The first time Mikey Boyum and I went to G-Land was by boat, on a Radon he had built in Singapore. It took us about two and a half hours from Jimbaran Bay. We anchored down by the end of the wave and paddled from the boat into the lineup. Petey McCabe, Terry Fitzgerald, and some other guys came on an Indo fishing boat they'd chartered out of Benoa. It was a long, slow ride. Not one of us could figure out where the heck the lineup was. While we sat waiting for a set, we could see all kinds of perfect-looking waves breaking up the line. Naturally we paddled up there. The farther we went, the more waves we saw, so we just kept paddling. The jungle on shore all looked the same so we had no point of reference. Higher up the point, the current starts to run and even while sitting, we were getting dragged deeper. We didn't even notice until someone would wonder where the boats were. We had come so far, we couldn't even see them anymore. Talk about being lost in a vast lineup.

Mikey decided we needed to have a base camp on shore so he hired some locals from the fishing village to build us a tree house and a covered, open-sided structure we could use for cooking and eating. From the elevated view, we saw what looked like a nice start to the endless left. Keep in mind that the wave peeled off from as far to the left as we could see, even when we walked around several of the rocky points along the beach. Eventually we used an orange tarp to improve the tree house's palm frond roof, so we had something to line up on out in the water. It was a nice starting point to this magnificent wave, and seemed to always break in more or less the same spot. There was a bush growing right in front of the mess hall. Its shiny, colorful leaves looked like Indonesian money, so we called that part of the wave Moneytrees. When the swell was bigger, there was another peak farther inside that we named the Launching Pad. From this take-off, it was one turn and a flat-out run through what came to be known as Speed Reef.

At low tide, we lazed around, read books, fixed boards, and didn't even think about surfing. But when the tide began to move in, it was game on. Six hours was the maximum time we could surf before the tide began to rush out again. Often we overstayed our window, paddling in over the reef with our boards upside down, the fins up, until we found a slim corridor with enough sand where we could limp in the rest of the way without cutting our feet. We heard stories of deadly stonefish. We were from Hawaii and clueless about these dangers. Luckily no one stepped on one.

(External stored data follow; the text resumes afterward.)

(* Let $\mathcal O$ be a non-degenerate conic of $\mathrm{PG}(2,q^2)$ and let $\mathcal Q_\infty,\mathcal Q_0$ be the quadrics of $\mathrm{PG}(4,q)$ associated with $\mathcal O$ (so $[\mathcal O]=\mathcal Q_\infty\cap\mathcal Q_0$). For every $t\in\mathbb F_q\cup\{\infty\}$, the quadric $\mathcal Q_t^\star$ of $\mathrm{PG}(4,q^2)$ with equation $tf_\infty+f_0=0$ (meaning $f_\infty=0$ when $t=\infty$) meets the transversal $g$ in exactly $0$, $1$ or $2$ points according as $\mathcal O$ meets $\ell_\infty$ in $0$, $1$ or $2$ points respectively.
   Context: Coordinates: $q$ a prime power; $\tau$ is a primitive element of $\mathbb F_{q^2}$ with minimal polynomial $x^2-t_1x-t_0$ over $\mathbb F_q$. $\mathrm{PG}(2,q^2)$ has coordinates $(x,y,z)$, $\ell_\infty: z=0$; $\mathrm{PG}(4,q)$ has coordinates $(x_0,x_1,y_0,y_1,z)$ and $\Sigma_\infty: z=0$. The Bruck–Bose map sends the affine point $(x_0+x_1\tau,y_0+y_1\tau,z)$, $x_i,y_i,z\in\mathbb F_q$, $z\ne0$, to $(x_0,x_1,y_0,y_1,z)$, and the point $(\delta,1,0)\in\ell_\infty$, $\delta=d_0+d_1\tau$, to the spread line $\langle(d_0,d_1,1,0,0),(t_0d_1,d_0+t_1d_1,0,1,0)\rangle$ (and $(1,0,0)$ to $\langle(1,0,0,0,0),(0,1,0,0,0)\rangle$); these lines form a regular spread $\mathcal S$ of $\Sigma_\infty$. In $\mathrm{PG}(4,q^2)$ let $A_0=(\tau^q,-1,0,0,0)$, $A_1=(0,0,\tau^q,-1,0)$; the transversals of $\mathcal S$ are $g=\langle A_0,A_1\rangle$ and $g^q=\langle A_0^q,A_1^q\rangle$. If $\mathcal O$ has equation $f(x,y,z)=0$ with $f$ a homogeneous quadratic over $\mathbb F_{q^2}$, substituting $x=x_0+x_1\tau$, $y=y_0+y_1\tau$, $z$ and reducing with $\tau^2=t_1\tau+t_0$ gives $f=f_\infty(x_0,x_1,y_0,y_1,z)+\tau f_0(x_0,x_1,y_0,y_1,z)$ with $f_\infty,f_0$ homogeneous quadratics over $\mathbb F_q$; $\mathcal Q_\infty,\mathcal Q_0$ are the quadrics $f_\infty=0$, $f_0=0$ of $\mathrm{PG}(4,q)$. For a quadric $\mathcal Q$ of $\mathrm{PG}(4,q)$, $\mathcal Q^\star$ is the set of points of $\mathrm{PG}(4,q^2)$ satisfying the same equation. *)

theory Defs
  imports "HOL-Computational_Algebra.Primes"
begin

text \<open>The type 'K is the finite field GF(q^2); GF(q) is its unique subfield
  of order q, i.e. the set of x with x^q = x. Vectors of PG(n-1,q^2) are functions
  nat => 'K vanishing at indices >= n.\<close>

definition prime_power :: "nat \<Rightarrow> bool" where
  "prime_power q \<longleftrightarrow> (\<exists>p k. prime p \<and> k > 0 \<and> q = p ^ k)"

definition Fq :: "nat \<Rightarrow> 'K::field set" where
  "Fq q = {x. x ^ q = x}"

definition primitive_elem :: "'K::field \<Rightarrow> bool" where
  "primitive_elem \<tau> \<longleftrightarrow> (\<forall>x. x \<noteq> 0 \<longrightarrow> (\<exists>n::nat. x = \<tau> ^ n))"

definition coord0 :: "nat \<Rightarrow> 'K::field \<Rightarrow> 'K \<Rightarrow> 'K" where
  "coord0 q \<tau> c = (THE a. a \<in> Fq q \<and> (\<exists>b \<in> Fq q. c = a + b * \<tau>))"

definition coord1 :: "nat \<Rightarrow> 'K::field \<Rightarrow> 'K \<Rightarrow> 'K" where
  "coord1 q \<tau> c = (THE b. b \<in> Fq q \<and> (\<exists>a \<in> Fq q. c = a + b * \<tau>))"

As far as I know, Mikey was the first to come up with the idea of a surf camp. In the remoteness of the Blambangan Jungle Reserve, it was a logistical nightmare to feed and house ourselves. Bobby Radiasa, who came on that first boat ride in, put together our supplies back in Bali. Our trips were limited to 10 days. Then the ice would all be melted and the food gone. So we would return to Bali to resupply for the next time. Bobby would go on to keep the camp going, rebuilding many times over, dealing with all the bureaucratic headaches. Now it's a comfortable resort thanks to all of his efforts. The wave seems to be the only part that never changes. I think about it all the time.